We next tried to identify how this erroneous differential expression calls are related to opposite strand transcription bias. We quantitated number of false positives and false negatives within genes with log₂(N_ustno/N_stno) > 1, i.e. those affected by transcription from the opposite strand. Relative numbers of false positives and false negatives is substantially higher within strandedness-affected genes. Specifically, 77% of all DEGs called using strand-unaware counts were false positives (0.77 false positive rate, average of 3 comparisons) and 46% of all “true” stranded DEGs were false negatives (0.46 false negative rate, average of 3 comparisons, see Fig. 3, row B) within the strandedness-affected genes. Also notably the majority of false positives in Fig. 3A can be explained by this bias: 75.8% of false positives belong to strandedness-affected genes (average of three comparisons).

We were also interested how bioinformatics pipeline may affect these observations. To do so we performed the same analysis using a different, transcript-based approach. W quantitated genes using RSEM (with bowtie aligner) and performed differential expression analysis using edgeR. In this case we observed slightly higher rates of false positives (15.9% on average of three cell type comparisons compared to 10% for STAR + DESeq2 analysis) and false negatives (13.2% compared to 6.56% for STAR + DESeq2 analysis, Supplementary Fig. 3). However less of these miscalls can be explained by our definition of strandedness-affected genes. 25.7% of false positives belong to strandedness-affected (those for which log₂(N_ustno/N_stno) > 1) genes (vs. 75.8% for STAR + DESeq2 analysis).

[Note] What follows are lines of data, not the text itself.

lemma tree_type_eq_iff: "tree_type m k x = tree_type m k y \<longleftrightarrow> same_type m k x y"
proof
  assume "tree_type m k x = tree_type m k y"
  then have "y \<in> tree_type m k x"
    by (simp add: tree_type_def)
  then show "same_type m k x y"
    by (simp add: tree_type_def)
next
  assume "same_type m k x y"
  then show "tree_type m k x = tree_type m k y"
    unfolding tree_type_def using same_type_sym same_type_trans by blast
qed

definition child_type_count :: "nat \<Rightarrow> nat \<Rightarrow> 'n pointed_tree \<Rightarrow> 'n pointed_tree set \<Rightarrow> nat" where
  "child_type_count m k x \<omega> =
     capped_card m {w \<in> children (fst (fst x)) (snd x). tree_type m k (fst x, w) = \<omega>}"

lemma child_type_count_eq_0:
  assumes "\<omega> \<notin> range (tree_type m k)"
  shows "child_type_count m k x \<omega> = 0"
proof -
  have empty: "{w \<in> children (fst (fst x)) (snd x). tree_type m k (fst x, w) = \<omega>} = {}"
    using assms by auto
  show ?thesis
    unfolding child_type_count_def empty by simp
qed

lemma child_type_count_le: "child_type_count m k x \<omega> \<le> m"
  by (simp add: child_type_count_def capped_card_le)

lemma same_type_Suc_iff: "same_type m (Suc k) x y \<longleftrightarrow> child_type_count m k x = child_type_count m k y"
proof
  assume "same_type m (Suc k) x y"
  then show "child_type_count m k x = child_type_count m k y"
  proof (intro ext)
    fix \<omega>
    show "child_type_count m k x \<omega> = child_type_count m k y \<omega>"
    proof (cases "\<omega> \<in> range (tree_type m k)")
      case True
      then obtain z where z: "\<omega> = tree_type m k z"
        by blast
      from \<open>same_type m (Suc k) x y\<close>
      have "capped_card m {w \<in> children (fst (fst x)) (snd x). same_type m k (fst x, w) z} =
            capped_card m {w \<in> children (fst (fst y)) (snd y). same_type m k (fst y, w) z}"
        unfolding same_type.simps by (rule spec)
      then show ?thesis
        by (simp add: child_type_count_def z tree_type_eq_iff)
    next
      case False
      then show ?thesis
        by (simp add: child_type_count_eq_0)
    qed
  qed
next
  assume "child_type_count m k x = child_type_count m k y"
  then have "child_type_count m k x (tree_type m k z) = child_type_count m k y (tree_type m k z)" for z
    by simp
  then show "same_type m (Suc k) x y"
    unfolding same_type.simps by (simp add: child_type_count_def tree_type_eq_iff)
qed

Read alignments of genes with biased unstranded counts are different from other genes

We investigated if it is possible to identify genes that had incorrect expression estimates in unstranded data by examining the read alignments for genes with very high values of log₂(N_ustno/N_stno), i.e. those where the majority of reads attributed are in fact due to the opposite strand expression. Manual inspection of these alignments revealed several characteristics which stood out from other genes, and made intuitive sense: alignments with reads originating from the opposite strand will ignore the gene’s exon-intronic structure. Because of that, the number of observed reads spanning splice junctions is lower than expected for a regular gene while the number of reads in intronic regions is higher than expected. In addition, we frequently found a highly expressed gene on the opposing strand, whose transcription carried-over and is presumably the source of reads detected. Based on each of these observations, we proceeded to identify metrics that would allow us to identify genes that might be affected by expression on the opposing strand based on examining the alignments alone if only unstranded information is available.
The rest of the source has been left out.